→ What you have to do: In the listing below, pick out lines with "over".

→ Input material:
•••
text \<open>Vectors e 0, ..., e (d-1) (e i a = a-th coordinate of e_i) form an orthonormal basis of C^d.\<close>
definition orthonormal_basis :: "nat \<Rightarrow> (nat \<Rightarrow> nat \<Rightarrow> complex) \<Rightarrow> bool" where
  "orthonormal_basis d e \<longleftrightarrow>
     (\<forall>i<d. \<forall>j<d. (\<Sum>a<d. cnj (e i a) * e j a) = (if i = j then 1 else 0))"

text \<open>Bures chi^2 divergence, with sigma = U diag(q) U^dagger where the columns of U are the e_i,
  and rho' = U^dagger rho U.\<close>
definition bures_chi2 :: "nat \<Rightarrow> (nat \<Rightarrow> nat \<Rightarrow> complex) \<Rightarrow> (nat \<Rightarrow> real) \<Rightarrow> (nat \<Rightarrow> nat \<Rightarrow> complex) \<Rightarrow> real" where
  "bures_chi2 d e q \<rho> =
     (\<Sum>i<d. \<Sum>j<d. 2 / (q i + q j) *
        (cmod (\<Sum>a<d. \<Sum>b<d. cnj (e i a) * \<rho> a b * e j b))\<^sup>2) - 1"

definition Cop :: "nat \<Rightarrow> (nat \<Rightarrow> nat \<Rightarrow> complex) \<Rightarrow> (nat \<Rightarrow> real) \<Rightarrow> (nat \<times> nat \<Rightarrow> nat \<times> nat \<Rightarrow> complex)" where
  "Cop d e q = (\<lambda>(a, b) (c, c'). \<Sum>i<d. \<Sum>j<d.
      e j a * e i b * cnj (e i c) * cnj (e j c') / complex_of_real ((q i + q j) / 2))"

definition Cst :: "nat \<Rightarrow> (nat \<times> nat \<Rightarrow> nat \<times> nat \<Rightarrow> complex) \<Rightarrow> nat \<Rightarrow> nat \<Rightarrow> (nat list \<Rightarrow> nat list \<Rightarrow> complex)" where
  "Cst T C s t = (\<lambda>x y. if (\<forall>r<T. r \<noteq> s \<and> r \<noteq> t \<longrightarrow> x ! r = y ! r)
                        then C (x ! s, x ! t) (y ! s, y ! t) else 0)"

definition Mop :: "nat \<Rightarrow> (nat \<times> nat \<Rightarrow> nat \<times> nat \<Rightarrow> complex) \<Rightarrow> nat \<Rightarrow> (nat list \<Rightarrow> nat list \<Rightarrow> complex)" where
  "Mop T C t = (\<lambda>x y. (1 / (of_nat T)\<^sup>2) * (\<Sum>s\<in>{..<T} - {t}. Cst T C s t x y))"

definition Fswap :: "nat \<Rightarrow> (nat list \<times> nat list \<Rightarrow> nat list \<times> nat list \<Rightarrow> complex)" where
  "Fswap t = (\<lambda>(x, x') (y, y'). if x = y[t := y' ! t] \<and> x' = y'[t := y ! t] then 1 else 0)"

text \<open>rho_1 (x) ... (x) rho_T (components indexed 0..T-1).\<close>
definition tensor_states :: "nat \<Rightarrow> (nat \<Rightarrow> nat \<Rightarrow> nat \<Rightarrow> complex) \<Rightarrow> (nat list \<Rightarrow> nat list \<Rightarrow> complex)" where
  "tensor_states T \<rho>s = (\<lambda>x y. \<Prod>t<T. \<rho>s t (x ! t) (y ! t))"

end

theory Submission
  imports Defs "Jordan_Normal_Form.Determinant" "HOL-Analysis.Convex"
begin

text \<open>Write \<open>\<rho>'\<^sub>r\<close> for \<open>\<rho>\<^sub>r\<close> in the eigenbasis of \<open>\<sigma>\<close>, \<open>w(i,j) = 2/(q i + q j)\<close> and
  \<open>g(s,t) = \<Sum>\<^sub>i\<^sub>,\<^sub>j w(i,j) \<rho>'\<^sub>s(i,j) \<rho>'\<^sub>t(j,i)\<close> (\<open>C_pair\<close> below).  Then
  \<open>g(t,t) = E\<^bsub>\<rho>\<^sub>t\<otimes>\<rho>\<^sub>t\<^esub>[C]\<close> and \<open>\<Sum>\<^sub>s\<^sub>,\<^sub>t g(s,t) = T\<^sup>2(\<mu> + 1)\<close>.  Since \<open>M\<^sub>t\<close>, \<open>F\<^sub>t\<close> and
  \<open>\<rho>\<^sub>1 \<otimes> \<dots> \<otimes> \<rho>\<^sub>T\<close> are sums of product operators, the \<open>t\<close>-th term of the left-hand side
  factorises over the tensor components: it is \<open>T\<^sup>-\<^sup>4\<close> times a double sum over \<open>s, s' \<noteq> t\<close>
  whose off-diagonal terms are \<open>g(s,t) g(s',t)\<close> and whose diagonal terms (\<open>C_triple\<close>)
  dominate \<open>g(s,t)\<^sup>2\<close> by the Cauchy--Schwarz inequality for the positive form of \<open>\<rho>'\<^sub>s\<close>.
  Hence the \<open>t\<close>-th term is at least \<open>T\<^sup>-\<^sup>4 (\<Sum>\<^sub>s\<^sub>\<noteq>\<^sub>t g(s,t))\<^sup>2\<close>, and Cauchy--Schwarz over \<open>t\<close>
  bounds the left-hand side below by \<open>(T\<^sup>2(\<mu> + 1) - P)\<^sup>2 / T\<^sup>5 \<ge> 1/T - 2P/T\<^sup>3\<close>, where
  \<open>P = \<Sum>\<^sub>t g(t,t)\<close> and \<open>\<mu> \<ge> 0\<close>.  So the bound holds even without the error term, for
  every \<open>K \<ge> 0\<close>.\<close>

section \<open>Operators on finite index sets\<close>

type_synonym cmatrix = "nat \<Rightarrow> nat \<Rightarrow> complex"
type_synonym cmatrix2 = "nat \<times> nat \<Rightarrow> nat \<times> nat \<Rightarrow> complex"

definition agree_on :: "'i set \<Rightarrow> ('i \<Rightarrow> 'i \<Rightarrow> complex) \<Rightarrow> ('i \<Rightarrow> 'i \<Rightarrow> complex) \<Rightarrow> bool" where
  "agree_on I A B \<longleftrightarrow> (\<forall>x\<in>I. \<forall>y\<in>I. A x y = B x y)"

lemma agree_on_refl [simp]: "agree_on I A A"
  by (simp add: agree_on_def)

lemma agree_on_trans: "agree_on I A B \<Longrightarrow> agree_on I B C \<Longrightarrow> agree_on I A C"
  by (simp add: agree_on_def)

lemma mmul_agree_on: "agree_on I A A' \<Longrightarrow> agree_on I B B' \<Longrightarrow> agree_on I (mmul I A B) (mmul I A' B')"
  unfolding agree_on_def mmul_def by (auto intro!: sum.cong)

lemma expect_agree_on: "agree_on I A A' \<Longrightarrow> agree_on I B B' \<Longrightarrow> expect I A B = expect I A' B'"
  unfolding agree_on_def expect_def mtrace_def mmul_def by (auto intro!: sum.cong)

lemma mmul_sum_left:
  "mmul I (\<lambda>x y. \<Sum>a\<in>K. c a * A a x y) B = (\<lambda>x y. \<Sum>a\<in>K. c a * mmul I (A a) B x y)"
  unfolding mmul_def by (auto simp: sum_distrib_right sum_distrib_left mult.assoc intro!: ext sum.swap)

lemma mmul_sum_right:
  "mmul I B (\<lambda>x y. \<Sum>a\<in>K. c a * A a x y) = (\<lambda>x y. \<Sum>a\<in>K. c a * mmul I B (A a) x y)"
  unfolding mmul_def
  by (auto simp: sum_distrib_right sum_distrib_left mult.assoc mult.left_commute intro!: ext sum.swap)

lemma expect_sum_right:
  "expect I B (\<lambda>x y. \<Sum>a\<in>K. c a * A a x y) = (\<Sum>a\<in>K. c a * expect I B (A a))"
  unfolding expect_def mtrace_def mmul_sum_right by (simp add: sum_distrib_left sum.swap[of _ I])

lemma mmul_assoc: "mmul I (mmul I A B) C = mmul I A (mmul I B C)"
  unfolding mmul_def by (auto intro!: ext simp: sum_distrib_left sum_distrib_right mult.assoc intro: sum.swap)

lemma mmul_tens: "mmul (I \<times> J) (tens A B) (tens A' B') = tens (mmul I A A') (mmul J B B')"
  unfolding mmul_def tens_def
  by (auto intro!: ext simp: sum.cartesian_product' sum_product mult_ac)

lemma expect_tens: "expect (I \<times> J) (tens \<rho> \<rho>') (tens A B) = expect I \<rho> A * expect J \<rho>' B"
  unfolding expect_def mtrace_def mmul_tens by (simp add: tens_def sum.cartesian_product' sum_product)

lemma mult_idop [simp]:
  "a * idop x y = (if x = y then a else 0)" "idop x y * a = (if x = y then a else 0)"
  by (simp_all add: idop_def)

lemma cnj_idop [simp]: "cnj (idop x y) = idop x y"
  by (simp add: idop_def)

lemma mmul_idop_right: "finite I \<Longrightarrow> agree_on I (mmul I A idop) A"
  unfolding agree_on_def mmul_def by simp

lemma mmul_idop_left: "finite I \<Longrightarrow> agree_on I (mmul I idop A) A"
  unfolding agree_on_def mmul_def by simp

lemma expect_mmul_idop_right: "finite I \<Longrightarrow> expect I \<rho> (mmul I A idop) = expect I \<rho> A"
  by (intro expect_agree_on agree_on_refl mmul_idop_right)

lemma expect_mmul_idop_left: "finite I \<Longrightarrow> expect I \<rho> (mmul I idop A) = expect I \<rho> A"
  by (intro expect_agree_on agree_on_refl mmul_idop_left)

lemma expect_idop: "finite I \<Longrightarrow> expect I \<rho> idop = mtrace I \<rho>"
  using mmul_idop_right[of I \<rho>] unfolding agree_on_def expect_def mtrace_def by simp

lemma mtrace_state: "is_state d \<rho> \<Longrightarrow> mtrace {..<d} \<rho> = 1"
  unfolding is_state_def mtrace_def by blast

lemma state_conj: "is_state d \<rho> \<Longrightarrow> a < d \<Longrightarrow> b < d \<Longrightarrow> cnj (\<rho> a b) = \<rho> b a"
  unfolding is_state_def by (metis complex_cnj_cnj)

lemma prod_indicator:
  "finite A \<Longrightarrow> (\<Prod>r\<in>A. if P r then 1 else 0 :: 'a::comm_semiring_1) = (if \<forall>r\<in>A. P r then 1 else 0)"
  by (induction A rule: finite_induct) auto

lemma sum_swap_pairs:
  "(\<Sum>x\<in>A. \<Sum>y\<in>B. \<Sum>a\<in>C. \<Sum>b\<in>D. f x y a b) = (\<Sum>a\<in>C. \<Sum>b\<in>D. \<Sum>x\<in>A. \<Sum>y\<in>B. (f x y a b :: 'c::comm_monoid_add))"
proof -
  have "(\<Sum>x\<in>A. \<Sum>y\<in>B. \<Sum>a\<in>C. \<Sum>b\<in>D. f x y a b) = (\<Sum>x\<in>A. \<Sum>a\<in>C. \<Sum>y\<in>B. \<Sum>b\<in>D. f x y a b)"
    by (rule sum.cong[OF refl], rule sum.swap)
  also have "\<dots> = (\<Sum>x\<in>A. \<Sum>a\<in>C. \<Sum>b\<in>D. \<Sum>y\<in>B. f x y a b)"
    by (rule sum.cong[OF refl], rule sum.cong[OF refl], rule sum.swap)
  also have "\<dots> = (\<Sum>a\<in>C. \<Sum>x\<in>A. \<Sum>b\<in>D. \<Sum>y\<in>B. f x y a b)"
    by (rule sum.swap)
  also have "\<dots> = (\<Sum>a\<in>C. \<Sum>b\<in>D. \<Sum>x\<in>A. \<Sum>y\<in>B. f x y a b)"
    by (rule sum.cong[OF refl], rule sum.swap)
  finally show ?thesis .
qed

text \<open>Completeness follows from orthonormality because a left inverse of a square matrix is
  also a right inverse.\<close>
lemma orthonormal_basis_complete:
  assumes "orthonormal_basis d e" "a < d" "b < d"
  shows "(\<Sum>i<d. e i a * cnj (e i b)) = (if a = b then 1 else 0)"
proof -
  define U where "U = mat d d (\<lambda>(a, i). e i a)"
  define V where "V = mat d d (\<lambda>(i, a). cnj (e i a))"
  have U: "U \<in> carrier_mat d d" and V: "V \<in> carrier_mat d d" by (auto simp: U_def V_def)
  have "V * U = 1\<^sub>m d"
  proof (rule eq_matI)
    fix i j assume ij: "i < dim_row (1\<^sub>m d)" "j < dim_col (1\<^sub>m d)"
    have "(V * U) $$ (i, j) = (\<Sum>a<d. cnj (e i a) * e j a)"
      using ij by (simp add: U_def V_def scalar_prod_def lessThan_atLeast0)
    also have "\<dots> = 1\<^sub>m d $$ (i, j)" using assms(1) ij unfolding orthonormal_basis_def by auto
    finally show "(V * U) $$ (i, j) = 1\<^sub>m d $$ (i, j)" .
  qed (auto simp: U_def V_def)
  then have "U * V = 1\<^sub>m d" using mat_mult_left_right_inverse[OF V U] by blast
  then have "(U * V) $$ (a, b) = 1\<^sub>m d $$ (a, b)" by simp
  then show ?thesis using assms(2,3) by (simp add: U_def V_def scalar_prod_def lessThan_atLeast0)
qed

definition ketbra :: "cmatrix \<Rightarrow> nat \<Rightarrow> nat \<Rightarrow> cmatrix" where
  "ketbra e i j = (\<lambda>a c. e i a * cnj (e j c))"

definition basis_entry :: "nat \<Rightarrow> cmatrix \<Rightarrow> cmatrix \<Rightarrow> nat \<Rightarrow> nat \<Rightarrow> complex" where
  "basis_entry d e \<rho> i j = (\<Sum>a<d. \<Sum>b<d. cnj (e i a) * \<rho> a b * e j b)"

lemma expect_ketbra: "expect {..<d} \<rho> (ketbra e i j) = basis_entry d e \<rho> j i"
  unfolding expect_def mtrace_def mmul_def ketbra_def basis_entry_def by (simp add: mult_ac)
•••
→ Result of this task:
  factorises over the tensor components: it is \<open>T\<^sup>-\<^sup>4\<close> times a double sum over \<open>s, s' \<noteq> t\<close>
  Hence the \<open>t\<close>-th term is at least \<open>T\<^sup>-\<^sup>4 (\<Sum>\<^sub>s\<^sub>\<noteq>\<^sub>t g(s,t))\<^sup>2\<close>, and Cauchy--Schwarz over \<open>t\<close>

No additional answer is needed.